Mesocosm experiments were conducted inside greenhouse tunnels at the Waainek Research Facility at Rhodes University in Grahamstown, South Africa. The first experiment (P. stratiotes and E. densa) was completed between 8 April and 17 June 2015, while the second experiment (P. stratiotes and L. major) ran from 4 April to 23 May 2016. Individual P. stratiotes plants were sourced from insect-free stock plants maintained at the Waainek Research Facility. Adult Neohydronomus affinis Hustache (Coleoptera: Curculionidae), a weevil routinely used in the biological control of P. stratiotes (Cilliers, 1991), were supplied by the South African Sugarcane Research Institute (SASRI). Stock plants for each of the submerged plant species were collected 6 months before the start of their respective experiments and cultivated at the research facility. The E. densa culture was collected from the Kouga River, near Patensie, Eastern Cape, (33°44′54.6″S, 24°38′07.6″E), and the L. major culture was collected from a population in a quarry dam near Stutterheim, Eastern Cape, (32°35′14.4″S, 27°27′48.4″E). All plants were cultivated at the Waainek Research Facility where they grew in a flow through system, which comprised of eight connected tanks of spring water that passed through a UV light and filter. During cultivation, plants were grown under 80% shade cloth, with no artificial light sources (typical light readings inside the polytunnel were ~ 1000 Einstein/m2/s) and were supplied with initial optimum nutrients according to Smart et al. (1994). One month prior to both experiments, all submerged plants were treated with Malathion (Kombat), an organophosphate insecticide (according to manufacturer’s guidelines) to kill any phytophagous insects associated with the plants collected from the field. The floating plants were not subjected to this treatment so as not to harm the biocontrol agents.
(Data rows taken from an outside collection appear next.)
(* Fix any enumeration $(\mathtt C_n[-])_{n\in\mathbb N}$ of all contexts of the untyped $\lambda$-calculus, and define on the set $\Lambda$ of $\lambda$-terms $$p_{\mathrm{ctx}}(M,N)=\sum\Big\{\tfrac{1}{2^n}\ \Big|\ n\in\mathbb N,\ \mathtt C_n[M]\text{ is unsolvable or }\mathtt C_n[N]\text{ is unsolvable}\Big\}.$$ Then $p_{\mathrm{ctx}}$ is a sensible extensional $\lambda$-PPM.
   Context: A context $\mathtt C[-]$ is a $\lambda$-term with one hole; $\mathtt C[M]$ is the result of filling the hole with $M$. A $\lambda$-term is solvable if it has a head normal form (standard notion). A partial pseudo-metric (PPM) on a set $X$ is a map $p:X\times X\to[0,+\infty]$ satisfying, for all $x,y,z$: $p(x,x)\leq p(x,y)$; $p(x,y)=p(y,x)$; $p(x,y)\leq p(x,z)+p(z,y)-p(z,z)$. It induces the preorder $x\leq_p y$ iff $p(x,y)\leq p(x,x)$, and the equivalence $x\simeq_p y$ iff $x\leq_p y$ and $y\leq_p x$. Open balls are $B^p_\epsilon(x)=\{y\mid p(y,x)<p(x,x)+\epsilon\}$ ($\epsilon>0$), and the topology $\mathcal O_p(X)$ consists of all unions of open balls; a map $f:X\to X$ is $p$-continuous if it is continuous for $\mathcal O_p(X)$. A $\lambda$-theory is an equivalence relation $\simeq$ on $\Lambda$ such that $M\simeq N$ implies $MP\simeq NP$, $PM\simeq PN$ and $\lambda x.M\simeq\lambda x.N$, and $(\lambda x.M)N\simeq M[N/x]$ always holds; it is extensional if moreover $M\simeq\lambda x.Mx$ (for $x$ not free in $M$). A $\lambda$-PPM (resp. extensional $\lambda$-PPM) is a PPM $p$ on $\Lambda$ such that $\simeq_p$ is a $\lambda$-theory (resp. an extensional $\lambda$-theory) and, for every context $\mathtt C[-]$, the map $M\mapsto\mathtt C[M]$ is $p$-continuous. A $\lambda$-PPM $p$ is sensible if every unsolvable term $M$ is generic for $p$ (i.e. $M\leq_p N$ for all $N\in\Lambda$) while no solvable term is generic for $p$. *)

theory Defs
  imports Complex_Main "HOL-Library.Extended_Nonnegative_Real"
begin
(* Let $\mathcal{L}:\mathbb{R}^d\to\mathbb{R}$, $\mu>0$, $\theta\in\mathbb{R}^d$, $K\ge1$ an integer, $C>0$, and $p$ a probability vector on $\{1,\dots,L\}$ with all entries positive. Let $z\sim\mathcal{N}(0,I_d)$ and, independently, $(N_1,\dots,N_L)\sim\mathrm{Multinomial}(K,p)$. Define the clipped AdaLeZO estimator blockwise by $$\tilde g^{\mathrm{Ada},(l)}=\min\!\Big(\frac{1}{K p(l)},\,C\Big)\,N_l\,\hat g^{\mathrm{ZO},(l)}(\theta;z).$$ Then $$\mathbb{E}\big[\|\tilde g^{\mathrm{Ada}}\|^2\big]\le (C+1)\,\mathbb{E}\big[\|\hat g^{\mathrm{ZO}}(\theta;z)\|^2\big].$$
   Context: The parameter vector $\theta\in\mathbb{R}^d$ is partitioned into $L$ blocks ("layers") $\theta=(\theta^{(1)},\dots,\theta^{(L)})$ with $\theta^{(l)}\in\mathbb{R}^{d_l}$, $\sum_l d_l=d$; for any $v\in\mathbb{R}^d$, $v^{(l)}$ denotes its $l$-th block. The dense symmetric zeroth-order estimator is $\hat g^{\mathrm{ZO}}(\theta;z)=\frac{\mathcal{L}(\theta+\mu z)-\mathcal{L}(\theta-\mu z)}{2\mu}\,z$ for $z\in\mathbb{R}^d$. $\mathrm{Multinomial}(K,p)$ denotes the counts $N_l$ of the value $l$ among $K$ i.i.d. draws from $p$. Norms are Euclidean; expectations may be $+\infty$. *)

theory Defs
  imports "HOL-Probability.Probability"
begin

text \<open>Coordinates of R^d are indexed by pairs (l, j) with l in {1..L} (the block /
layer) and j < d_l (position inside the block), so d = sum of the d_l and the
l-th block v^(l) of a vector v consists of the coordinates (l, j).\<close>

definition coords :: "nat \<Rightarrow> (nat \<Rightarrow> nat) \<Rightarrow> (nat \<times> nat) set" where
  "coords L ds = {(l, j). l \<in> {1..L} \<and> j < ds l}"

definition sqnorm :: "(nat \<times> nat) set \<Rightarrow> ((nat \<times> nat) \<Rightarrow> real) \<Rightarrow> real" where
  "sqnorm I v = (\<Sum>i\<in>I. (v i)\<^sup>2)"
lemma Mpow_Suc_le_eigvec_product:
  assumes eig: "\<And>i. (\<Sum>j. M i j * ennreal (u j)) = ennreal (u i)"
    and le: "\<And>k j. M k j \<le> ennreal (C * u k * v j)"
    and pos: "C \<ge> 0" "\<And>k. u k \<ge> 0" "\<And>j. v j \<ge> 0"
  shows "Mpow M (Suc n) i j \<le> ennreal (C * u i * v j)"
proof -
  have "Mpow M (Suc n) i j = (\<Sum>k. Mpow M n i k * M k j)"
    by simp
  also have "\<dots> \<le> (\<Sum>k. Mpow M n i k * ennreal (u k) * ennreal (C * v j))"
  proof (rule suminf_le)
    fix k
    have "M k j \<le> ennreal (u k) * ennreal (C * v j)"
      using le[of k j] pos by (simp add: ennreal_mult''[symmetric] mult_ac)
    then show "Mpow M n i k * M k j \<le> Mpow M n i k * ennreal (u k) * ennreal (C * v j)"
      by (simp add: mult.assoc mult_left_mono)
  qed (auto intro: summableI)
  also have "\<dots> = ennreal (u i) * ennreal (C * v j)"
    using Mpow_right_eigvec[OF eig, of n i] by simp
  also have "\<dots> = ennreal (C * u i * v j)"
    using pos by (simp add: ennreal_mult''[symmetric] mult_ac)
  finally show ?thesis .
qed

lemma Mpow_Suc_row_sum_le_eigvec:
  assumes eig: "\<And>i. (\<Sum>j. M i j * ennreal (u j)) = ennreal (u i)"
    and le: "\<And>k j. M k j \<le> ennreal (C * u k * v j)"
    and pos: "C \<ge> 0" "\<And>k. u k \<ge> 0" "\<And>j. v j \<ge> 0"
    and v_sum: "(\<Sum>j. ennreal (v j)) = 1"
  shows "(\<Sum>j. Mpow M (Suc n) i j) \<le> ennreal (C * u i)"
proof -
  have "(\<Sum>j. Mpow M (Suc n) i j) \<le> (\<Sum>j. ennreal (C * u i) * ennreal (v j))"
    using Mpow_Suc_le_eigvec_product[OF eig le pos] pos
    by (intro suminf_le) (auto intro: summableI simp: ennreal_mult''[symmetric])
  also have "\<dots> = ennreal (C * u i)"
    using v_sum by simp
  finally show ?thesis .
qed

lemma class_M1_liminf_Mpow_row_sum_finite:
  assumes "class_M1 P u v"
  shows "liminf (\<lambda>n. \<Sum>j. Mpow (mean_mat P) n i j) < \<infinity>"
proof -
  obtain N where "\<And>k. mean_row P k \<le> 2 * (\<Sum>j\<le>N. mean_mat P k j)"
    using class_M1_row_sum_le_initial[OF assms] by blast
  with assms show ?thesis
    by (intro liminf_Mpow_row_sum_finite[where u = u and N = N])
      (auto simp: class_M1_def eigvecs_def Let_def mean_row_def)
qed
lemma card_sSCCs_insert_tight_edge:
  fixes E :: "('a \<times> 'a) set" and s t :: 'a
  defines "E' \<equiv> insert (t, s) E"
  assumes "digraph V E" "weakly_connected V E" "tight_edge V E (t, s)"
  shows "card (sSCCs V E') \<le> card (sSCCs V E)"
    and "card (sSCCs V E) \<noteq> 1 \<or> card (tSCCs V E) = 1 \<Longrightarrow>
      card (sSCCs V E') = card (sSCCs V E) - 1"
proof -
  note comps = tight_edge_components[OF assms(4)]
  define new where "new = sSCCs V E' \<inter> {scc_of E' s, scc_of E' t}"
  have finite: "finite (sSCCs V E)"
    using assms(2) finite_sSCCs unfolding digraph_def by blast
  have "sSCCs V E' - {scc_of E' s, scc_of E' t} = sSCCs V E - {scc_of E s, scc_of E t}"
    unfolding E'_def by (rule sSCCs_insert_edge_Diff)
  also have "\<dots> = sSCCs V E - {scc_of E s}"
    using comps(4) sSCCs_tSCCs_disjoint by blast
  finally have split: "sSCCs V E' = (sSCCs V E - {scc_of E s}) \<union> new"
    unfolding new_def by blast
  have new_sub: "new \<subseteq> {scc_of E' s}"
  proof
    fix X assume "X \<in> new"
    then obtain x where x: "x \<in> {s, t}" and X: "X = scc_of E' x" "X \<in> sSCCs V E'"
      unfolding new_def by blast
    have "reach E s t"
      using source_scc_of_insert_edge_imp_reach[OF comps(4) x] X unfolding E'_def by simp
    then have "scc_of E' t = scc_of E' s"
      unfolding E'_def by (rule scc_of_insert_edge_merge)
    then show "X \<in> {scc_of E' s}"
      using x X by auto
  qed
  have "card (sSCCs V E') \<le> card (sSCCs V E - {scc_of E s}) + card new"
    unfolding split by (rule card_Un_le)
  also have "\<dots> \<le> card (sSCCs V E - {scc_of E s}) + 1"
    using card_mono[OF _ new_sub] by simp
  also have "\<dots> = card (sSCCs V E)"
    using card.remove[OF finite comps(3)] by simp
  finally show "card (sSCCs V E') \<le> card (sSCCs V E)" .
  assume "card (sSCCs V E) \<noteq> 1 \<or> card (tSCCs V E) = 1"
  then have "scc_of E' s \<notin> sSCCs V E'"
    using source_scc_of_insert_tight_edge(1,2)[OF assms(2-4)] unfolding E'_def by auto
  with new_sub have "new = {}"
    unfolding new_def by auto
  then show "card (sSCCs V E') = card (sSCCs V E) - 1"
    unfolding split using comps(3) finite by (simp add: card_Diff_singleton)
qed
lemma continuous_on_prim: "f integrable_on {0..1} \<Longrightarrow> continuous_on {0..1} (prim f)"
  unfolding prim_def by (intro continuous_intros indefinite_integral_continuous_1)

lemma integral_prim: "f integrable_on {0..1} \<Longrightarrow> integral {0..1} (prim f) = 0"
  unfolding prim_def
  by (subst integral_diff) (auto intro!: integrable_continuous_real indefinite_integral_continuous_1)

lemma has_real_derivative_prim:
  assumes "continuous_on {0..1} w" "t \<in> {0..1}"
  shows "(prim w has_real_derivative w t) (at t within {0..1})"
proof -
  have "((\<lambda>s. integral {0..s} w - integral {0..1} (\<lambda>t. integral {0..t} w))
          has_vector_derivative w t - 0) (at t within {0..1})"
    by (intro derivative_intros integral_has_vector_derivative assms)
  then show ?thesis
    unfolding prim_def[abs_def] by (simp add: has_real_derivative_iff_has_vector_derivative)
qed
lemma transpose_antilinear_mat:
  assumes "symmetric_mat S"
  shows "transpose (antilinear_mat S) = antilinear_mat S"
proof -
  have S_sym: "S $ j $ i = S $ i $ j" for i j
    using arg_cong[OF assms[unfolded symmetric_mat_def], of "\<lambda>T. T $ i $ j"]
    by (simp add: transpose_def)
  have "transpose (antilinear_mat S) $ a $ b = antilinear_mat S $ a $ b" for a b
    by (cases a; cases b) (simp_all add: transpose_def antilinear_mat_entry S_sym)
  then show ?thesis
    by (simp add: vec_eq_iff)
qed

definition squeeze :: "complex^'m::finite^'m \<Rightarrow> complex^('m + 'm)^('m + 'm)" where
  "squeeze S = block 0 S (cnj_mat S) (cnj_mat 0)"

lemma squeeze_in_Sqz: "symmetric_mat S \<Longrightarrow> squeeze S \<in> Sqz"
  unfolding Sqz_def squeeze_def anti_hermitian_def
  by (intro CollectI exI[of _ 0] exI[of _ S]) simp

lemma G_squeeze:
  fixes S :: "complex^'m::finite^'m"
  shows "G (squeeze S) = mat_exp (antilinear_mat S)"
proof -
  have "blkA (squeeze S) = 0" and "blkS (squeeze S) = S"
    by (simp_all add: blkA_def blkS_def squeeze_def block_def vec_eq_iff)
  moreover have "Re_mat (0 :: complex^'m^'m) = 0" and "Im_mat (0 :: complex^'m^'m) = 0"
    by (simp_all add: Re_mat_def Im_mat_def vec_eq_iff)
  ultimately show ?thesis
    by (simp add: G_def antilinear_mat_def)
qed

lemma mu_scaleR: "mu (c *\<^sub>R w) = c *\<^sub>R mu w"
  by (simp add: mu_def vec_eq_iff split: sum.split)

lemma G_squeeze_eigenvector:
  assumes "symmetric_mat S" and "S *v cnj_vec w = s *\<^sub>R w"
  shows "G (squeeze S) *v mu w = exp s *\<^sub>R mu w"
    and "transpose (G (squeeze S)) *v mu w = exp s *\<^sub>R mu w"
proof -
  have "antilinear_mat S *v mu w = s *\<^sub>R mu w"
    using assms(2) by (simp add: antilinear_mat_mu mu_scaleR)
  then show "G (squeeze S) *v mu w = exp s *\<^sub>R mu w"
    and "transpose (G (squeeze S)) *v mu w = exp s *\<^sub>R mu w"
    by (simp_all add: G_squeeze transpose_mat_exp transpose_antilinear_mat[OF assms(1)]
        mat_exp_eigenvector)
qed

lemma norm_mu: "norm (mu w) = norm w"
  unfolding norm_vec_def L2_set_def
  by (simp add: mu_def sum_UNIV_Plus sum.distrib cmod_power2)

lemma outer_mult_cnj_vec:
  "(\<chi> i j. of_real c * w $ i * w $ j) *v cnj_vec w = (c * (norm w)^2) *\<^sub>R w"
proof -
  have norm_sq: "(\<Sum>j\<in>UNIV. w $ j * cnj (w $ j)) = of_real ((norm w)^2)"
    by (simp add: norm_vec_def L2_set_def complex_mult_cnj cmod_power2 sum_nonneg)
  have component: "((\<chi> i j. of_real c * w $ i * w $ j) *v cnj_vec w) $ i
      = of_real c * w $ i * (\<Sum>j\<in>UNIV. w $ j * cnj (w $ j))" for i
    by (simp add: matrix_vector_mult_def cnj_vec_def sum_distrib_left mult.assoc)
  show ?thesis
    unfolding vec_eq_iff vector_scaleR_component component norm_sq
    by (simp add: scaleR_conv_of_real)
qed

theorem lemma31:
  fixes r N :: real and \<theta> :: "complex^'m::finite"
  assumes "r > 0" and "\<theta> \<noteq> 0" and "N \<ge> 0"
  shows "\<exists>\<eta>\<in>(Sqz :: (complex^('m + 'm)^('m + 'm)) set).
           (G \<eta> *v mu \<theta>) \<bullet> (matrix_inv (Sigma_mat \<eta> N) *v (G \<eta> *v mu \<theta>))
             = 4 * r^2 * (norm \<theta>)^2 / ((2 * N + 1) * r^2 + 1)"
proof
  define S :: "complex^'m^'m" where "S = (\<chi> i j. of_real (ln r / (norm \<theta>)^2) * \<theta> $ i * \<theta> $ j)"
  have S_symmetric: "symmetric_mat S"
    by (simp add: S_def symmetric_mat_def transpose_def vec_eq_iff mult.commute mult.left_commute)
  then show "squeeze S \<in> Sqz"
    by (rule squeeze_in_Sqz)
  have S_conj_eigen: "S *v cnj_vec \<theta> = ln r *\<^sub>R \<theta>"
    unfolding S_def outer_mult_cnj_vec using assms(2) by simp
  have G_eigen: "G (squeeze S) *v mu \<theta> = r *\<^sub>R mu \<theta>"
    and Gt_eigen: "transpose (G (squeeze S)) *v mu \<theta> = r *\<^sub>R mu \<theta>"
    using G_squeeze_eigenvector[OF S_symmetric S_conj_eigen] assms(1) by simp_all
  define d where "d = (2 * N + 1) * r^2 + 1"
  have inv_eigen: "matrix_inv (Sigma_mat (squeeze S) N) *v (r *\<^sub>R mu \<theta>)
      = (r * (4 / d)) *\<^sub>R mu \<theta>"
    unfolding matrix_vector_mult_scaleR d_def
      Sigma_mat_inv_eigenvector[OF assms(3) G_eigen Gt_eigen]
    by simp
  have "mu \<theta> \<bullet> mu \<theta> = (norm \<theta>)^2"
    by (simp add: power2_norm_eq_inner[symmetric] norm_mu)
  then show "(G (squeeze S) *v mu \<theta>) \<bullet> (matrix_inv (Sigma_mat (squeeze S) N) *v (G (squeeze S) *v mu \<theta>))
      = 4 * r^2 * (norm \<theta>)^2 / ((2 * N + 1) * r^2 + 1)"
    unfolding G_eigen inv_eigen d_def[symmetric] by (simp add: power2_eq_square)
qed

end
Both experiments were conducted in mesocosms constructed from black plastic 75 L bins (55 cm diameter), each filled with 65 L of spring water. In the bottom of each bin, a 10 L planting container was filled with a 10 cm layer of pond sediment topped with a 2 cm layer of silica sand to prevent clouding of the water and to limit algal growth. Sediment was collected from Jameson Dam, Eastern Cape, South Africa (33°19′07.2″S, 26°26′24.0″E). Thirty apical shoots (20 cm in length) of the relevant submerged species were planted in each container, and left for 3 weeks to acclimatise and grow to a starting density of 100% cover.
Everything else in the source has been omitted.